ABOUT THIS TASK: Copy out all of the records, exactly as they appear.

RECORDS SHOWN:
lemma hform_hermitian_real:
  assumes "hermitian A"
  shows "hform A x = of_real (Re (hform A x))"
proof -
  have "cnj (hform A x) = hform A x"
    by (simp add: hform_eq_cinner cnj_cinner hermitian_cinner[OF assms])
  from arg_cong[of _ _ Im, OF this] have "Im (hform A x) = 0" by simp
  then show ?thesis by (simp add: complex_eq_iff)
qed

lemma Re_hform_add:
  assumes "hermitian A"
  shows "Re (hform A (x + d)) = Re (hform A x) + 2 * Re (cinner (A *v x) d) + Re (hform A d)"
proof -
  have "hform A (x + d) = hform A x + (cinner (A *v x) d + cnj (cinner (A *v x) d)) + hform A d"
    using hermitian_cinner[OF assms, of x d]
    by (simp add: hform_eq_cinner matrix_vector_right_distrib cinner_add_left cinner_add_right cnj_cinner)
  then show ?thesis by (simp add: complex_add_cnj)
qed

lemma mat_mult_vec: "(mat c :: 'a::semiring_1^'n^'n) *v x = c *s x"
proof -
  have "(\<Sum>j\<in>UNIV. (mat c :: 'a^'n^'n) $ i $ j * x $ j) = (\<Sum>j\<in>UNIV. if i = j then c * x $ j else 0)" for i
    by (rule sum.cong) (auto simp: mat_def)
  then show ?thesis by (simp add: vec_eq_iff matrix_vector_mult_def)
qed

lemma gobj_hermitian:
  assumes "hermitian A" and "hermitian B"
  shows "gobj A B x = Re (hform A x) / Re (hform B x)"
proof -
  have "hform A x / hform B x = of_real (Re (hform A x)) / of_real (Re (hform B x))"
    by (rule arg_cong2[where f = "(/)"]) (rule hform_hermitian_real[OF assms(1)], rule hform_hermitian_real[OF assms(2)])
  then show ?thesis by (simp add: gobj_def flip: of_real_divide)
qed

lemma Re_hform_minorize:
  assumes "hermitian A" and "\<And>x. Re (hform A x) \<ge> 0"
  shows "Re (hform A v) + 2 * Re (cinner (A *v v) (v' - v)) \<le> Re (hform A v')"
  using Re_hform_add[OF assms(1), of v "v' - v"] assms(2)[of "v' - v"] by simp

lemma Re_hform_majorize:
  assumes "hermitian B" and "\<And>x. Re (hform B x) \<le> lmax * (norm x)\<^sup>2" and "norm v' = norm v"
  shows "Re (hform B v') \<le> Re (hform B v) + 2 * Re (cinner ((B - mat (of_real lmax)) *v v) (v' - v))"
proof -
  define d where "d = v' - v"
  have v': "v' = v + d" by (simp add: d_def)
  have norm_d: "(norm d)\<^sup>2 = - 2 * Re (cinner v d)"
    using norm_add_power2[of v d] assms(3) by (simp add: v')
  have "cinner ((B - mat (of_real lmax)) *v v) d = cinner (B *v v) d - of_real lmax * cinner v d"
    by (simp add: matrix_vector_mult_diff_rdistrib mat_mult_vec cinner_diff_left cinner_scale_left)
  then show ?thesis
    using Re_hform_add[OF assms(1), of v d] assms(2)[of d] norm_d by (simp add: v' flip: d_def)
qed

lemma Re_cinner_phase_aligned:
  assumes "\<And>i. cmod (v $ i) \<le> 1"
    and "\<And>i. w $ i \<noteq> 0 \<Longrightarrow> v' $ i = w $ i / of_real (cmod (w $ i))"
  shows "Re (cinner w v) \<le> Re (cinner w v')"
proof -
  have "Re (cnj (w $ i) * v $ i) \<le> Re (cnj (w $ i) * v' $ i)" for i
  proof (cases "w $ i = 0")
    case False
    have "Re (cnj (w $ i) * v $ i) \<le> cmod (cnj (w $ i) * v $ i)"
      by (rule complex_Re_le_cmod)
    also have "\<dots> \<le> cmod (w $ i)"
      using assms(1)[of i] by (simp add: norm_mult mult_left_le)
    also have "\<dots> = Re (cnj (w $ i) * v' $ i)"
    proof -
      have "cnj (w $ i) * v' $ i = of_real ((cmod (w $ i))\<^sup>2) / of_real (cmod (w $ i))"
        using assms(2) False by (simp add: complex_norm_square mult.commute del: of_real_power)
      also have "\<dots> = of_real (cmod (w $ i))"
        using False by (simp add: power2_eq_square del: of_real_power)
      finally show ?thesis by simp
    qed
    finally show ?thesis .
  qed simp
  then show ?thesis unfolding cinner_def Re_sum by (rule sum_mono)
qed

YOUR RESPONSE:
lemma hform_hermitian_real:
  assumes "hermitian A"
  shows "hform A x = of_real (Re (hform A x))"
proof -
  have "cnj (hform A x) = hform A x"
    by (simp add: hform_eq_cinner cnj_cinner hermitian_cinner[OF assms])
  from arg_cong[of _ _ Im, OF this] have "Im (hform A x) = 0" by simp
  then show ?thesis by (simp add: complex_eq_iff)
qed

lemma Re_hform_add:
  assumes "hermitian A"
  shows "Re (hform A (x + d)) = Re (hform A x) + 2 * Re (cinner (A *v x) d) + Re (hform A d)"
proof -
  have "hform A (x + d) = hform A x + (cinner (A *v x) d + cnj (cinner (A *v x) d)) + hform A d"
    using hermitian_cinner[OF assms, of x d]
    by (simp add: hform_eq_cinner matrix_vector_right_distrib cinner_add_left cinner_add_right cnj_cinner)
  then show ?thesis by (simp add: complex_add_cnj)
qed

lemma mat_mult_vec: "(mat c :: 'a::semiring_1^'n^'n) *v x = c *s x"
proof -
  have "(\<Sum>j\<in>UNIV. (mat c :: 'a^'n^'n) $ i $ j * x $ j) = (\<Sum>j\<in>UNIV. if i = j then c * x $ j else 0)" for i
    by (rule sum.cong) (auto simp: mat_def)
  then show ?thesis by (simp add: vec_eq_iff matrix_vector_mult_def)
qed

lemma gobj_hermitian:
  assumes "hermitian A" and "hermitian B"
  shows "gobj A B x = Re (hform A x) / Re (hform B x)"
proof -
  have "hform A x / hform B x = of_real (Re (hform A x)) / of_real (Re (hform B x))"
    by (rule arg_cong2[where f = "(/)"]) (rule hform_hermitian_real[OF assms(1)], rule hform_hermitian_real[OF assms(2)])
  then show ?thesis by (simp add: gobj_def flip: of_real_divide)
qed

lemma Re_hform_minorize:
  assumes "hermitian A" and "\<And>x. Re (hform A x) \<ge> 0"
  shows "Re (hform A v) + 2 * Re (cinner (A *v v) (v' - v)) \<le> Re (hform A v')"
  using Re_hform_add[OF assms(1), of v "v' - v"] assms(2)[of "v' - v"] by simp

lemma Re_hform_majorize:
  assumes "hermitian B" and "\<And>x. Re (hform B x) \<le> lmax * (norm x)\<^sup>2" and "norm v' = norm v"
  shows "Re (hform B v') \<le> Re (hform B v) + 2 * Re (cinner ((B - mat (of_real lmax)) *v v) (v' - v))"
proof -
  define d where "d = v' - v"
  have v': "v' = v + d" by (simp add: d_def)
  have norm_d: "(norm d)\<^sup>2 = - 2 * Re (cinner v d)"
    using norm_add_power2[of v d] assms(3) by (simp add: v')
  have "cinner ((B - mat (of_real lmax)) *v v) d = cinner (B *v v) d - of_real lmax * cinner v d"
    by (simp add: matrix_vector_mult_diff_rdistrib mat_mult_vec cinner_diff_left cinner_scale_left)
  then show ?thesis
    using Re_hform_add[OF assms(1), of v d] assms(2)[of d] norm_d by (simp add: v' flip: d_def)
qed

lemma Re_cinner_phase_aligned:
  assumes "\<And>i. cmod (v $ i) \<le> 1"
    and "\<And>i. w $ i \<noteq> 0 \<Longrightarrow> v' $ i = w $ i / of_real (cmod (w $ i))"
  shows "Re (cinner w v) \<le> Re (cinner w v')"
proof -
  have "Re (cnj (w $ i) * v $ i) \<le> Re (cnj (w $ i) * v' $ i)" for i
  proof (cases "w $ i = 0")
    case False
    have "Re (cnj (w $ i) * v $ i) \<le> cmod (cnj (w $ i) * v $ i)"
      by (rule complex_Re_le_cmod)
    also have "\<dots> \<le> cmod (w $ i)"
      using assms(1)[of i] by (simp add: norm_mult mult_left_le)
    also have "\<dots> = Re (cnj (w $ i) * v' $ i)"
    proof -
      have "cnj (w $ i) * v' $ i = of_real ((cmod (w $ i))\<^sup>2) / of_real (cmod (w $ i))"
        using assms(2) False by (simp add: complex_norm_square mult.commute del: of_real_power)
      also have "\<dots> = of_real (cmod (w $ i))"
        using False by (simp add: power2_eq_square del: of_real_power)
      finally show ?thesis by simp
    qed
    finally show ?thesis .
  qed simp
  then show ?thesis unfolding cinner_def Re_sum by (rule sum_mono)
qed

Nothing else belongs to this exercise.